Johnny yang mendengarnya tersenyum kecil, sepertinya masih tidak biasa dengan pernyataan cinta dari Namjoon yang tidak biasa. "Jangan begini, hyung. Bisa bisa kau tidak kuizinkan pulang nanti."

"Tidak boleh, dong. Kau harus pulangkan aku besok."

"Tidak mau."

"Johnny..."

"Tidak mau..."

"Jangan manja... Aku tahu kau begini hanya untuk membuatku kesal, kan?" ucap Namjoon, sebal.

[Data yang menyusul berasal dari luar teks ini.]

theorem alg_indep_near_chromatic_sf_odd_stars:
  "alg_indep_Q {near_chromatic_sf (star_V n) star_E | n. odd n}"
  unfolding alg_indep_Q_def
proof (intro allI impI)
  fix ys M and c :: "nat list \<Rightarrow> rat"
  assume "distinct ys \<and> set ys \<subseteq> {near_chromatic_sf (star_V n) star_E | n. odd n} \<and> finite M \<and>
      (\<forall>e\<in>M. length e = length ys) \<and> sf_sum (\<lambda>e. sf_smult (c e) (sf_monomial ys e)) M = sf_zero"
  then have ys: "distinct ys" "set ys \<subseteq> {near_chromatic_sf (star_V n) star_E | n. odd n}"
    and M: "finite M" "\<forall>e\<in>M. length e = length ys"
    and zero: "sf_sum (\<lambda>e. sf_smult (c e) (sf_monomial ys e)) M = sf_zero" by auto
  let ?Y = "\<lambda>n. near_chromatic_sf (star_V n) star_E"
  have "\<exists>k. y = ?Y (2 * k + 1)" if "y \<in> set ys" for y
  proof -
    obtain n where "y = ?Y n" "odd n" using ys(2) \<open>y \<in> set ys\<close> by blast
    then show ?thesis by (intro exI[of _ "n div 2"]) simp
  qed
  then obtain ks where "ys = map (\<lambda>k. ?Y (2 * k + 1)) ks"
    using ex_map_conv[of ys "\<lambda>k. ?Y (2 * k + 1)"] by blast
  then obtain ns where ns: "ys = map ?Y ns" "\<forall>n\<in>set ns. odd n"
    by (intro that[of "map (\<lambda>k. 2 * k + 1) ks"]) auto
  have combination: "(\<Sum>e\<in>M. mconst (c e) * (\<Prod>(n, k)\<leftarrow>zip ns e. Abs_mps (?Y n) ^ k)) = 0"
    using arg_cong[OF zero, of Abs_mps]
    by (simp add: Abs_mps_sf_sum Abs_mps_sf_smult Abs_mps_sf_monomial ns(1) zip_map1 o_def
        case_prod_unfold zero_mps.abs_eq)
  have inj: "inj_on (monomial_lead ns) M"
    using M(2) ys(1) monomial_lead_inj[of ns] by (auto simp: ns(1) distinct_map inj_on_def)
  show "\<forall>e\<in>M. c e = 0"
    using has_leading_term_star_monomial[OF ns(2)]
    by (intro leading_terms_linear_independent[OF M(1) inj _ combination]) blast
qed

theorem mainTheorem2:
  shows "near_chromatic_sf triangle_V triangle_E
           = sf_add (sf_pow (psum 1) 3) (sf_smult 2 (psum 3))
       \<and> (\<forall>n::nat. n \<ge> 1 \<longrightarrow>
           near_chromatic_sf (star_V n) star_E
             = sf_sum (\<lambda>r. sf_smult (of_nat ((n - 1) choose r))
                              (sf_mult (psum (r + 1)) (sf_pow (psum 1) (n - r - 1))))
                      {r. r \<le> n - 1 \<and> even r})
       \<and> alg_indep_Q {near_chromatic_sf (star_V n) star_E | n. odd n}"
  using near_chromatic_sf_triangle near_chromatic_sf_star alg_indep_near_chromatic_sf_odd_stars
  by blast

end
(* There exists a PBD$(53,\{3,5\})$ of dimension three.
   Context: For a positive integer $v$ and $K \subseteq \{2,3,4,\dots\}$, a pairwise balanced design PBD$(v,K)$ is a pair $(X,\mathcal{B})$ where $X$ is a $v$-set of points and $\mathcal{B}$ is a family of subsets of $X$ (blocks), each of size in $K$, such that any two distinct points of $X$ lie together in exactly one block. A flat (subdesign) is a pair $(Y,\mathcal{B}_Y)$ with $Y \subseteq X$ and $\mathcal{B}_Y = \{B \in \mathcal{B} : B \subseteq Y\}$ such that any two distinct points of $Y$ lie together in exactly one block of $\mathcal{B}_Y$; it is proper if $Y \ne X$. The dimension of the PBD is the maximum integer $d$ such that every set of $d$ points is contained in a proper flat. *)

theory Defs
  imports Main
begin

definition is_PBD :: "nat \<Rightarrow> nat set \<Rightarrow> 'a set \<Rightarrow> 'a set set \<Rightarrow> bool" where
  "is_PBD v K X \<B> \<longleftrightarrow> finite X \<and> card X = v \<and>
     (\<forall>B\<in>\<B>. B \<subseteq> X \<and> card B \<in> K) \<and>
     (\<forall>x\<in>X. \<forall>y\<in>X. x \<noteq> y \<longrightarrow> (\<exists>!B. B \<in> \<B> \<and> x \<in> B \<and> y \<in> B))"
(* Let $B$ be a noetherian normal integral domain and $A$ a subring of $B$. Suppose that $(\operatorname{Frac}A,\operatorname{Frac}B)\in\mathrm{EXT}$ and that there is a family $(f_i)_{i\in I}$ of elements of $A\setminus\{0\}$ such that $(A_{f_i},B_{f_i})\in\mathrm{EXT}$ for every $i\in I$ and no height-$1$ prime ideal of $B$ contains all the $f_i$. Then $(A,B)\in\mathrm{EXT}$.
   Context: For a ring $A$ and an $A$-algebra $B$, write $(A,B)\in\mathrm{EXT}$ to mean: for every derivation $\delta:A\to A$ there exists a unique derivation $D:B\to B$ such that $D\circ\varphi=\varphi\circ\delta$, where $\varphi:A\to B$ is the structure map. *)

theory Defs
  imports "HOL-Computational_Algebra.Polynomial_Factorial"
begin

text \<open>All rings below live inside one ambient commutative ring; structure maps are inclusions.\<close>

definition is_subring :: "'a::comm_ring_1 set \<Rightarrow> bool" where
  "is_subring R \<longleftrightarrow> 0 \<in> R \<and> 1 \<in> R \<and>
     (\<forall>x\<in>R. \<forall>y\<in>R. x + y \<in> R \<and> x - y \<in> R \<and> x * y \<in> R)"

definition is_derivation :: "'a::comm_ring_1 set \<Rightarrow> ('a \<Rightarrow> 'a) \<Rightarrow> bool" where
  "is_derivation R d \<longleftrightarrow> (\<forall>x\<in>R. d x \<in> R) \<and>
     (\<forall>x\<in>R. \<forall>y\<in>R. d (x + y) = d x + d y \<and> d (x * y) = x * d y + y * d x)"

"Tapi aku memang tidak mau berpisah darimu... Nanti aku bertemu tante girang yang jahat bagaimana? Aku hanya mau bersamamu-"

Cup

Johnny membeku saat merasakan ada sesuatu yang lembab dilehernya. Namjoon mencium permukaan kulit tengkuknya dan kemudian menghisapnya dengan lembut. Berniat meninggalkan bekas keunguan disana. Lalu kemudian turun, berlanjut pada tulang selangka milik Johnny, menciumnya sampai bekas keunguan tercipta disana.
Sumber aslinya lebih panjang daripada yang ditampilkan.